Las limitaciones de los vectores virales tales como patogenicidad, gasto de la producción e inestabilidad sistémica han resultado obstáculos importantes en el uso de sistemas basados en virus. De hecho, la readministración de vectores basados en virus puede estimular respuestas inmunes que pueden resultar en efectos sistémicos potencialmente mortales y limitar la eficacia de la transferencia génica (64-65). Los vectores no virales (es decir, basados en lípidos, basados en polímeros, basados en lípidos-polímeros y polilisina) son medios sintéticos para encapsular el ADN transgénico hasta que alcanza la diana celular. Comparados con los vectores virales, los vectores no virales son más seguros de preparar; se disminuye el riesgo de complicaciones patogénicas e inmunológicas. Los vectores no virales se han diseñado modificando la superficie del vector no viral para la terapia dirigida (7-12). Los liposomas típicamente se internalizan en los endosomas, que frecuentemente son dirigidos a los lisosomas, degradando así el plásmido. En estos vectores se han empleado factores de disrupción endosomal y las señales de localización nuclear. Sin embargo, los lipoplexos (ADN plasmídico y liposoma) están limitados principalmente a la transfección de células en división a no ser que esté presente o que interaccione con el vector un factor de localización nuclear (16). Además, la integración eficaz en el anfitrión no ocurre excepto en los plásmidos basados en transposones (17-20). No obstante, se ha demostrado que los liposomas son seguros en los ensayos de terapia génica en seres humanos (21-24).

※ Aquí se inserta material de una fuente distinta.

(* Let $(M,\circ,\mathrm{OR})$ be a free $\mathbb{D}$-module of rank 3 with scalar product and orientation. The Lie algebra $so(3,\mathbb{D})$ of $\circ$-antisymmetric $\mathbb{D}$-linear operators on $M$ (with the commutator bracket) is canonically isomorphic to the Lie algebra $(M,-\times)$ (bracket $[x,y]=-x\times y$) via $x\mapsto -x\times\cdot$, and to $se(3)$, the Lie algebra of screw fields on the Euclidean space $E$ with the Lie bracket of vector fields, via the map $\beta$ composed with this isomorphism.
   Context: $\mathbb{D}=\{a+\epsilon b: a,b\in\mathbb{R}\}$, $\epsilon^2=0$, $\mathfrak{Re},\mathfrak{Du}$ real and dual parts. Scalar product: symmetric $\mathbb{D}$-bilinear $\circ:M\times M\to\mathbb{D}$ with $\mathfrak{Re}(x\circ x)\ge0$, equality iff $x\in\epsilon M$. Orientation: one of the two classes of ordered bases, $\{b'_j=A_{jk}b_k\}\sim\{b_k\}$ iff $\det\mathfrak{Re}(A)>0$. Cross product: $x\times y=x^iy^j\epsilon_{ijk}m_k$ in any positive orthonormal basis $\{m_i\}$. $V=M/\epsilon M$ with quotient $\pi$ and inner product induced by $\mathfrak{Re}(\cdot\circ\cdot)$. $E$ is the set of real 3-dimensional subspaces $P\subset M$ with $\mathfrak{Du}(x\circ y)=0$ on $P$ and $P\cap\epsilon M=\{0\}$; it is a Euclidean affine space over $V$ with $B-A:=d^ke_k$ where $e^B_i=e^A_i+\epsilon\,\epsilon_{ijk}d^ke^A_j$, $\{e_i\}$ a positive orthonormal basis of $V$ and $e_i^P$ the unique lift of $e_i$ lying in $P$. A screw field on $E$ is a map $\mathcal{s}:E\to V$ with $\mathcal{s}(Q)-\mathcal{s}(P)=s\times(Q-P)$ for some $s\in V$; $\beta:M\to\{\text{screw fields}\}$ is $\beta(z)(A)=\mathcal{s}(A)$ where $z=a+\epsilon\mathcal{s}(A)$, $a\in A$. *)

theory Defs
  imports "HOL-Analysis.Analysis"
begin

Los transposones son móviles, respecto a que pueden moverse de una posición en el ADN a una segunda posición en el ADN en presencia de una transposasa. Existen dos componentes fundamentales en cualquier sistema de transposón móvil de tipo corte y pega, una fuente de una transposasa activa y las secuencias de ADN que son reconocidas y movilizadas por la transposasa. La movilización de las secuencias de ADN permite que también se movilice el ácido nucleico implicado entre las secuencias de ADN reconocidas.
La integrasa y retrotransposasa dependen de su propio dominio de unión al ADN o una interacción con un factor de direccionamiento de ADN del anfitrión para dirigir el complejo ADN-enzima (p. ej., transposón/transposasa) en yuxtaposición con el ADN del anfitrión para que ocurra la integración (25, 35-37).
Si el anfitrión no tiene este factor de direccionamiento o una secuencia de ADN específica del anfitrión reconocida por el complejo transposón/transposasa, la eficacia de la integración disminuye sustancialmente (25, 38). Por ejemplo, se ha mostrado que una proteína endógena humana específica, integrasa que interacciona 1, se une a la integrasa y estimula la integración in vitro y posiblemente in vivo mediante la unión y direccionamiento de la integrasa a los sitios hipersensibles de la ADNasa 1 (25). Alternativamente, el elemento semejante a retrovirus de levaduras Ty3 se inserta en los sitios de comienzo de la transcripción de genes transcritos por la ARN polimerasa III mediante su unión con este complejo (37). Además, algunas transposasas o integrasas requieren determinados sitios en el ADN del anfitrión para su actividad catalítica incluso si el complejo ADN-enzima se pone próximo al ADN del anfitrión. Por ejemplo, el transposón Tc1/mariner se integra en un dinucleótido TA (32).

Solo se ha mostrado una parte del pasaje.